### EXERCISE OBJECTIVE
Nothing outside the range is wanted. Repeat exactly the lines below from the one with "(Iff \<phi> \<psi>)" through the one with "a \<and> sat".

═══ EXERCISE DATA

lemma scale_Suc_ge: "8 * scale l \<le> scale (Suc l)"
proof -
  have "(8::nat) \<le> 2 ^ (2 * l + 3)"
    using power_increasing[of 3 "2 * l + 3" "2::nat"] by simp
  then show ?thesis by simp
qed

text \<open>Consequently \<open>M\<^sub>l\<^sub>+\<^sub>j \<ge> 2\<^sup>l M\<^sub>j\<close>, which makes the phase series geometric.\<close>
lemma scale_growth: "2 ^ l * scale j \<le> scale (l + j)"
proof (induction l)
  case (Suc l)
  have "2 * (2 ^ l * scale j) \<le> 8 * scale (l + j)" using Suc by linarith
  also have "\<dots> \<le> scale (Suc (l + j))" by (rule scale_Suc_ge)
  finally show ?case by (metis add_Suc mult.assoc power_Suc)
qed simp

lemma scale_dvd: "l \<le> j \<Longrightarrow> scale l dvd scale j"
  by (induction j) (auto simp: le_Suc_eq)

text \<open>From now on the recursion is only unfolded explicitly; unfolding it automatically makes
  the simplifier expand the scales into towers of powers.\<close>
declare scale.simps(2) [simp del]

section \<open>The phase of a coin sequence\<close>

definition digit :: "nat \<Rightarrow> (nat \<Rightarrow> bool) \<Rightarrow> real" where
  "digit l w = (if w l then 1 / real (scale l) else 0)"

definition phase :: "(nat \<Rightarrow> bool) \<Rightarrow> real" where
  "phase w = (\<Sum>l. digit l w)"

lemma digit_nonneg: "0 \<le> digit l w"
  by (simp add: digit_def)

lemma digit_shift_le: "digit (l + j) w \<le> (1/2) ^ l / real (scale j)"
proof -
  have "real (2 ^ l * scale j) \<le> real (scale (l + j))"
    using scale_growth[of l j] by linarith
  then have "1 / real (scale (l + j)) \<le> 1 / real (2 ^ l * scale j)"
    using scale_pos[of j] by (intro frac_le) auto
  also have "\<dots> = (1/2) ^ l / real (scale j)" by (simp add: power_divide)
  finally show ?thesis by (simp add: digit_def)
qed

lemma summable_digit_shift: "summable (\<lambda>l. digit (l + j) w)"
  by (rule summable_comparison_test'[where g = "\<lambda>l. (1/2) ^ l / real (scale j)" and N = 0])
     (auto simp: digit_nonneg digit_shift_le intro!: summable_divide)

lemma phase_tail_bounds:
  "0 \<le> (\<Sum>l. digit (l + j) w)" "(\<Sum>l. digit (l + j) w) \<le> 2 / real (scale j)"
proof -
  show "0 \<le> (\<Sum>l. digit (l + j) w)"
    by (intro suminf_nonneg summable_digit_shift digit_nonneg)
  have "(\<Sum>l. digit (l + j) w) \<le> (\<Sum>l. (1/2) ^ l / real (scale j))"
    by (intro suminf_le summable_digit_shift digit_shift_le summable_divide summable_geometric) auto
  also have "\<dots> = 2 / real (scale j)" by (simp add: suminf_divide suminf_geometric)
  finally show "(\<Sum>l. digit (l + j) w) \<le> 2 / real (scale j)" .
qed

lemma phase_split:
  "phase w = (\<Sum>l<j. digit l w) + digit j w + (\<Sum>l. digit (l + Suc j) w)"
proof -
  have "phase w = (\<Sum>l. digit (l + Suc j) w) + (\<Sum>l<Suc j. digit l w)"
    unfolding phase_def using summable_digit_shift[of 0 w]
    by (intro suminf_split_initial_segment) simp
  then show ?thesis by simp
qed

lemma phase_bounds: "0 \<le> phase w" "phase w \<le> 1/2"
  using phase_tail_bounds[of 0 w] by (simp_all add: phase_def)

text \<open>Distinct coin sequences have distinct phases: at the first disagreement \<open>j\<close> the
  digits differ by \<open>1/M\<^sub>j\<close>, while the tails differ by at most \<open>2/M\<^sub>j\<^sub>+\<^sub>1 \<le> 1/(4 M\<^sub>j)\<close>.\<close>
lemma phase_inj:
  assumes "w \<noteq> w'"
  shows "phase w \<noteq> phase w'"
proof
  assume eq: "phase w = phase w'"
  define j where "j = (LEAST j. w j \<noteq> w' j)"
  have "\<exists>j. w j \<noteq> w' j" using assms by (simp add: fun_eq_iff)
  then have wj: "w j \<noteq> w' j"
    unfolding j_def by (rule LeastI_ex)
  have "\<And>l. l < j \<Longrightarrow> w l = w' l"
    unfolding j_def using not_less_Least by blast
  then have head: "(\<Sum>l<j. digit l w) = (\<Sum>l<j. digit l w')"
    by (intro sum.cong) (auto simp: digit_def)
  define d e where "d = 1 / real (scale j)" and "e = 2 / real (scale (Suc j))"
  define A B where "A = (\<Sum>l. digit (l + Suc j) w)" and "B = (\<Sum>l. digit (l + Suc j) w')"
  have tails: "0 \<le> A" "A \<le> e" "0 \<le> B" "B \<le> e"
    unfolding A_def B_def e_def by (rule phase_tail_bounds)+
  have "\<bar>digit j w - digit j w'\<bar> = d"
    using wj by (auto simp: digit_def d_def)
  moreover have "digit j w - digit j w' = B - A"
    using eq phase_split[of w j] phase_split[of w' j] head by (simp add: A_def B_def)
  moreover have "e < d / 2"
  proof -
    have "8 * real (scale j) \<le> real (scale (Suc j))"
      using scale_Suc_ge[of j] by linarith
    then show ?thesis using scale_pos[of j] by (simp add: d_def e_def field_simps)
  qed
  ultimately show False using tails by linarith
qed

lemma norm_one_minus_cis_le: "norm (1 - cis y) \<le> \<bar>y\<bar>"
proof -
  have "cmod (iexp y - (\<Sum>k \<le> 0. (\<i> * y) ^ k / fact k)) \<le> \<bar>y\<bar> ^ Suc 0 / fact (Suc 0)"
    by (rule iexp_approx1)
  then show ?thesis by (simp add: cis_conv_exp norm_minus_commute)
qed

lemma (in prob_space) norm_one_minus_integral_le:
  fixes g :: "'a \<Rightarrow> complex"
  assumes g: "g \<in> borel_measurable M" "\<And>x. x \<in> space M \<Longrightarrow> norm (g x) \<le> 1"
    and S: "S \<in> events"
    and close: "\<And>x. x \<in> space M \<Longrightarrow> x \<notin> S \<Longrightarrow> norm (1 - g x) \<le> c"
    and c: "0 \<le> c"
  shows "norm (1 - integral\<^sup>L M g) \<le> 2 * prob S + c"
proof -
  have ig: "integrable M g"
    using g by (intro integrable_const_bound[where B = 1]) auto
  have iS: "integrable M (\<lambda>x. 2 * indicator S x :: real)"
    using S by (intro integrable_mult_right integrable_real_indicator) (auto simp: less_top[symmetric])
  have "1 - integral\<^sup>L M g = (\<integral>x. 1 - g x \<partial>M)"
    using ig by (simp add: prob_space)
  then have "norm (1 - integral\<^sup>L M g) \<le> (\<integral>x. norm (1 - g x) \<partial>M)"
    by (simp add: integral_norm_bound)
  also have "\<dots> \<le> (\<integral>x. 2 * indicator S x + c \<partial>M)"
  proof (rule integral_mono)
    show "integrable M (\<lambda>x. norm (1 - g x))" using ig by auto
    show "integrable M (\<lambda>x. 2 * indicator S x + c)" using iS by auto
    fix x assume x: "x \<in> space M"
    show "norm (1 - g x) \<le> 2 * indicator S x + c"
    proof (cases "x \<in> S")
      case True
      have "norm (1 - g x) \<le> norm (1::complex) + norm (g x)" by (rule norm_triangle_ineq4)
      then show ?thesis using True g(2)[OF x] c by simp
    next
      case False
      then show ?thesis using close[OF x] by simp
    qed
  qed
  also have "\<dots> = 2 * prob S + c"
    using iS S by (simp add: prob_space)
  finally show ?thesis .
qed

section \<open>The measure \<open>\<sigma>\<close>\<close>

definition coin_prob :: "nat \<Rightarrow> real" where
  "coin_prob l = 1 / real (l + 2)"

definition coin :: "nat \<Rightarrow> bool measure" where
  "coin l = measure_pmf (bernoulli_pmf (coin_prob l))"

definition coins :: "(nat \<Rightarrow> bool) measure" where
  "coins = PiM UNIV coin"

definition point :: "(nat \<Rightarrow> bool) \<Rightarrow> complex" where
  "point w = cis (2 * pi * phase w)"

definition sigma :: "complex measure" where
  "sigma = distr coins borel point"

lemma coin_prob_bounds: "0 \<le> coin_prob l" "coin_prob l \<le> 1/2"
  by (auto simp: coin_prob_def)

══════
═══ EXERCISE DATA

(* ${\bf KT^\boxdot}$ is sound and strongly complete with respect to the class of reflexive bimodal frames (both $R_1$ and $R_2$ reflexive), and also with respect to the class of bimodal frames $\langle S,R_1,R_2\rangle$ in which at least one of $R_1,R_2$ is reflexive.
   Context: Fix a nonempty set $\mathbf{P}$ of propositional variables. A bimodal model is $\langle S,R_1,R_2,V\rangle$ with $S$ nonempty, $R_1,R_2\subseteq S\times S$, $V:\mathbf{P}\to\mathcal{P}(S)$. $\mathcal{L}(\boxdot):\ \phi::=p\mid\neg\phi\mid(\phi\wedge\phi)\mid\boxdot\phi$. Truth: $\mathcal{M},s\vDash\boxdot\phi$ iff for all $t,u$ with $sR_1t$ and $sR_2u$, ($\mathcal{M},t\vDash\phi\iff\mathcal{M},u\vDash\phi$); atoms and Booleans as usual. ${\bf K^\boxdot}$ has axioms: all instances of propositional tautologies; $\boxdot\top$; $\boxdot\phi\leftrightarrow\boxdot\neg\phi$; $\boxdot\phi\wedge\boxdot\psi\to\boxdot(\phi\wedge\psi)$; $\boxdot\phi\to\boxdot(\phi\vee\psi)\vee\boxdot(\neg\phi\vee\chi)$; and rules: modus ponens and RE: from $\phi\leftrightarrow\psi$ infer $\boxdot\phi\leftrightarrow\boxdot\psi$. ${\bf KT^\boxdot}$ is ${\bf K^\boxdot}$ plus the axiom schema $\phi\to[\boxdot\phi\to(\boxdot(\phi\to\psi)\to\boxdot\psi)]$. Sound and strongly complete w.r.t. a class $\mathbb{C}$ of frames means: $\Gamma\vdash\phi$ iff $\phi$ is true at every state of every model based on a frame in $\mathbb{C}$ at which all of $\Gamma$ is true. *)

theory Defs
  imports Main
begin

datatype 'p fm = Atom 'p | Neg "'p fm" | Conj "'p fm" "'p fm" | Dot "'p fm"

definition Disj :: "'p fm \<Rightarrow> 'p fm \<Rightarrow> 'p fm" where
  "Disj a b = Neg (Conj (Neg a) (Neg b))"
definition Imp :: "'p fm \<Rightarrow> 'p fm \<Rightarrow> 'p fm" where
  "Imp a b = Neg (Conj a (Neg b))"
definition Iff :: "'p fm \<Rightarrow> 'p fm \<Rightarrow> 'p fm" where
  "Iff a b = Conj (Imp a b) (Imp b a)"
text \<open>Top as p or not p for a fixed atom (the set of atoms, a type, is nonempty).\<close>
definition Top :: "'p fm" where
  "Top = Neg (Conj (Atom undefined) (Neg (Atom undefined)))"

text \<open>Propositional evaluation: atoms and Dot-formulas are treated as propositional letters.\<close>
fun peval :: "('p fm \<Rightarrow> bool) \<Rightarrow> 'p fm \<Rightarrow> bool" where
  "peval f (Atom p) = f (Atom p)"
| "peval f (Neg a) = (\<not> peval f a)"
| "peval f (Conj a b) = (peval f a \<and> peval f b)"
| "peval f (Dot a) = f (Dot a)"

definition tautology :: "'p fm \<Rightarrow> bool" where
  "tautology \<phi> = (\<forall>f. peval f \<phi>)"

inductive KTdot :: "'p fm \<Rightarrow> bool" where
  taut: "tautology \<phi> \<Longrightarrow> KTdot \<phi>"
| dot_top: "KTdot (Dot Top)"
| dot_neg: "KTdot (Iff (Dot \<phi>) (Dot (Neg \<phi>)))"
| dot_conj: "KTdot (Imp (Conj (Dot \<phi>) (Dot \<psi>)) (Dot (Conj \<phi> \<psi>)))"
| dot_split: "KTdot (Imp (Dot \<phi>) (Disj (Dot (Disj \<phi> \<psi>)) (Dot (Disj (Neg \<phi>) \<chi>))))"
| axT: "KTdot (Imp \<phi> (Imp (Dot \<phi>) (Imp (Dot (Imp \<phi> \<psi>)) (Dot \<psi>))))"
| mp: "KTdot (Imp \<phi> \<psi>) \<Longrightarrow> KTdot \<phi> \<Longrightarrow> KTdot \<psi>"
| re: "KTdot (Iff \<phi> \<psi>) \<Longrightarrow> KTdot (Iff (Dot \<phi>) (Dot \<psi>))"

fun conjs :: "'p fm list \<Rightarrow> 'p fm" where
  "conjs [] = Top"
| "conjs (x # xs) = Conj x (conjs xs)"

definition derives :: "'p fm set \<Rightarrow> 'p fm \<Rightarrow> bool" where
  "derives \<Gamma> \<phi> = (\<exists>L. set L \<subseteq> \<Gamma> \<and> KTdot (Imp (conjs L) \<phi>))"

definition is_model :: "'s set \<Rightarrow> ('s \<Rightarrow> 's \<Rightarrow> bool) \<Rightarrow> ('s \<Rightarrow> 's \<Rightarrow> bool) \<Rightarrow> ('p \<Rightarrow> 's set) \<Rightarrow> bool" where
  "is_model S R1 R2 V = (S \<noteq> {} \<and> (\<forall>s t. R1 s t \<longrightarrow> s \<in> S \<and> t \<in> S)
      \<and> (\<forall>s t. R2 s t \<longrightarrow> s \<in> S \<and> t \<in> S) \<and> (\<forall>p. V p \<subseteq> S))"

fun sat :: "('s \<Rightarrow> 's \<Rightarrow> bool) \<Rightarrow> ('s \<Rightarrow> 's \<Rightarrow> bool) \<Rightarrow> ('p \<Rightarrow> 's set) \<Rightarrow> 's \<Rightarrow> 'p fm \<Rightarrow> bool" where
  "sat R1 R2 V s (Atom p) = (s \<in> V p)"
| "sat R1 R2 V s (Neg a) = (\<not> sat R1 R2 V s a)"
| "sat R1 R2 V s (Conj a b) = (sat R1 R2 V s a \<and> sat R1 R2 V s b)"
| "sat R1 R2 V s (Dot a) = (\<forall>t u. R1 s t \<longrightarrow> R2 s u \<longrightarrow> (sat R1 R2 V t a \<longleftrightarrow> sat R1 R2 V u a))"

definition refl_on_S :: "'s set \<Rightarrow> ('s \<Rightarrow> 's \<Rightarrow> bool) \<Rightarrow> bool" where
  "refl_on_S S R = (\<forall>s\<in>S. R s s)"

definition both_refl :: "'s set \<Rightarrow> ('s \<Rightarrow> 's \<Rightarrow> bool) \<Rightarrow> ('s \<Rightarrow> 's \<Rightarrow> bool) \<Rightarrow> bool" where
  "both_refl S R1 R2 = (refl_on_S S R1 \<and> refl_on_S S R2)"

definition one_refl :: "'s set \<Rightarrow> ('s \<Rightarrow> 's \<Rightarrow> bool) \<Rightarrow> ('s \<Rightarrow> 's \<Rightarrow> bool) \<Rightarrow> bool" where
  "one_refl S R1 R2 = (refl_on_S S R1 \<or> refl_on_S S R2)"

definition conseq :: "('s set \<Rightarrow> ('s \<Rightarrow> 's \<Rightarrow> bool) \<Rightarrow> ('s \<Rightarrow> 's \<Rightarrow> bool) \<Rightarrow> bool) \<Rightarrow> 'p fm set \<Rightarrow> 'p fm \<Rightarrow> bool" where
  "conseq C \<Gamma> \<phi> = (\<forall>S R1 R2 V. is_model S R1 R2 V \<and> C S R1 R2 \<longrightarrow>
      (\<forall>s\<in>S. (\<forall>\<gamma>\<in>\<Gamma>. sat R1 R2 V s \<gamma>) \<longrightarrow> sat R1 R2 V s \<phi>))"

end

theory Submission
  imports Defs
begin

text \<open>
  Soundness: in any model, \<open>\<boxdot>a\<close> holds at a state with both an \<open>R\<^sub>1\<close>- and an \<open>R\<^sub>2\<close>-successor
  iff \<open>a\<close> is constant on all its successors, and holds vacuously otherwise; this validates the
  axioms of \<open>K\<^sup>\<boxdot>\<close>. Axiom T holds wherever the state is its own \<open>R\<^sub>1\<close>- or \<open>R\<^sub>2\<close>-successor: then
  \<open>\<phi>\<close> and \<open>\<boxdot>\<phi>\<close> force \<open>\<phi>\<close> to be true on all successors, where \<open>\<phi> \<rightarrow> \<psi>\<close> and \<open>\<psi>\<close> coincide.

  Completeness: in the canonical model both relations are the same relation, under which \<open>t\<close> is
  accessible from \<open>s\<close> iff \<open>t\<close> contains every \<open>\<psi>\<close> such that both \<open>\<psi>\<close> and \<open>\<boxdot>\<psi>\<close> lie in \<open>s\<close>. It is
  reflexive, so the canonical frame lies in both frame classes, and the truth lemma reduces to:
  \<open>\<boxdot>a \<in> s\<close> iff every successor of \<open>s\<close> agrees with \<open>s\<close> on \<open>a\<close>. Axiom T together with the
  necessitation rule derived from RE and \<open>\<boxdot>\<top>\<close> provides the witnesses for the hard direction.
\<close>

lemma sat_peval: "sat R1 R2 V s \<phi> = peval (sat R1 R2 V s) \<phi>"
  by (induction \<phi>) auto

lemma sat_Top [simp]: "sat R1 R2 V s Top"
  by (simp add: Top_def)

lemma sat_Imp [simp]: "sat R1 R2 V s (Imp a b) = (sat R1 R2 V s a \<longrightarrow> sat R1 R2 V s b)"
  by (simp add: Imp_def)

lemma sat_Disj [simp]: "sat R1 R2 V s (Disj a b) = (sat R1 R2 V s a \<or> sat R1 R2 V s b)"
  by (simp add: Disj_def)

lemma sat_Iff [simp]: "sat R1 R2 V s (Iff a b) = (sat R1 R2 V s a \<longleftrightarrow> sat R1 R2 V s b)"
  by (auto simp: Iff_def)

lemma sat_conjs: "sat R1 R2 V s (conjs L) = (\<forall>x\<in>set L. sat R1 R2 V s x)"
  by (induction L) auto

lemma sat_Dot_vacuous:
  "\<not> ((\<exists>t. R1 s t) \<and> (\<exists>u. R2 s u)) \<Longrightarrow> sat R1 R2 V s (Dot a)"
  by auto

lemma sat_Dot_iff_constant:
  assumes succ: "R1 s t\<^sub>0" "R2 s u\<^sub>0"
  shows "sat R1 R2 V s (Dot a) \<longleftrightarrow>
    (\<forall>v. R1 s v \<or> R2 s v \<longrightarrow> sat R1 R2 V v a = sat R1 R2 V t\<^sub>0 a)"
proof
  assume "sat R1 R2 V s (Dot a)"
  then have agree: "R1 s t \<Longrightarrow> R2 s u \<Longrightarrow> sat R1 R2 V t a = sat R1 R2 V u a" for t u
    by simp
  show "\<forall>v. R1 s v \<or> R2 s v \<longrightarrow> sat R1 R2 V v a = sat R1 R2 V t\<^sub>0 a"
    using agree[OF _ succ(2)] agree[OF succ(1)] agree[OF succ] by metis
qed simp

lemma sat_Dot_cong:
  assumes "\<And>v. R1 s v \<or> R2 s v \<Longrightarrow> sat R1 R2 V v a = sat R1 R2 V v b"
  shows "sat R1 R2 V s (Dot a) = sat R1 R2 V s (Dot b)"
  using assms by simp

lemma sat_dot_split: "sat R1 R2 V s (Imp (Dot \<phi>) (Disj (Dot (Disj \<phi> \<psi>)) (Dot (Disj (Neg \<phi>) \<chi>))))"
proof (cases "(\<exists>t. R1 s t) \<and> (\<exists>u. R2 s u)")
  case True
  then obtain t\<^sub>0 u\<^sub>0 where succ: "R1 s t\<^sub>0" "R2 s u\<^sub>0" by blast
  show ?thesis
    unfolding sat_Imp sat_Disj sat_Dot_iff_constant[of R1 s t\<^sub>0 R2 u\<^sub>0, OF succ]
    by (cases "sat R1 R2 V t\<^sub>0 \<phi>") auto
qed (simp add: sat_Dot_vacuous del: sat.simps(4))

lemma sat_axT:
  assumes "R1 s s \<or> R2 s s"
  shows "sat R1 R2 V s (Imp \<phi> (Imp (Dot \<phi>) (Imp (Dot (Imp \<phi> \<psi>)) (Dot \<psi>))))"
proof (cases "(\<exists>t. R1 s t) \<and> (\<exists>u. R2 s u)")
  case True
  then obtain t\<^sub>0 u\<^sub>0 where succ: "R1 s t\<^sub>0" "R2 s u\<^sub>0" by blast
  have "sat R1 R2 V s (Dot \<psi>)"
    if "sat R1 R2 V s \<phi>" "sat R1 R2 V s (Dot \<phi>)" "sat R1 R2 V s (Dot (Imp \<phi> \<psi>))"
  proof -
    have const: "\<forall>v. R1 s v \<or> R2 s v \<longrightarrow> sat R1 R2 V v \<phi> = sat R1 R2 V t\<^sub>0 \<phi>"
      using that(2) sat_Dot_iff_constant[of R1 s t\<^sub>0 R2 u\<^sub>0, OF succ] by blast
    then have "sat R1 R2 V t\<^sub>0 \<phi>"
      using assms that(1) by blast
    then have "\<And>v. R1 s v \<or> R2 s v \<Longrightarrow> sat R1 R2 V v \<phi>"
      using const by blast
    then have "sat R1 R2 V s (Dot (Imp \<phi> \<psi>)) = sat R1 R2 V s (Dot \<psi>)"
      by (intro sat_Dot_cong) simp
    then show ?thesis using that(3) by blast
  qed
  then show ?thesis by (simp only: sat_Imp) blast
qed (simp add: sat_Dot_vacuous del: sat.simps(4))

══════

### WRITTEN RESPONSE
| re: "KTdot (Iff \<phi> \<psi>) \<Longrightarrow> KTdot (Iff (Dot \<phi>) (Dot \<psi>))"

fun conjs :: "'p fm list \<Rightarrow> 'p fm" where
  "conjs [] = Top"
| "conjs (x # xs) = Conj x (conjs xs)"

definition derives :: "'p fm set \<Rightarrow> 'p fm \<Rightarrow> bool" where
  "derives \<Gamma> \<phi> = (\<exists>L. set L \<subseteq> \<Gamma> \<and> KTdot (Imp (conjs L) \<phi>))"

definition is_model :: "'s set \<Rightarrow> ('s \<Rightarrow> 's \<Rightarrow> bool) \<Rightarrow> ('s \<Rightarrow> 's \<Rightarrow> bool) \<Rightarrow> ('p \<Rightarrow> 's set) \<Rightarrow> bool" where
  "is_model S R1 R2 V = (S \<noteq> {} \<and> (\<forall>s t. R1 s t \<longrightarrow> s \<in> S \<and> t \<in> S)
      \<and> (\<forall>s t. R2 s t \<longrightarrow> s \<in> S \<and> t \<in> S) \<and> (\<forall>p. V p \<subseteq> S))"

fun sat :: "('s \<Rightarrow> 's \<Rightarrow> bool) \<Rightarrow> ('s \<Rightarrow> 's \<Rightarrow> bool) \<Rightarrow> ('p \<Rightarrow> 's set) \<Rightarrow> 's \<Rightarrow> 'p fm \<Rightarrow> bool" where
  "sat R1 R2 V s (Atom p) = (s \<in> V p)"
| "sat R1 R2 V s (Neg a) = (\<not> sat R1 R2 V s a)"
| "sat R1 R2 V s (Conj a b) = (sat R1 R2 V s a \<and> sat R1 R2 V s b)"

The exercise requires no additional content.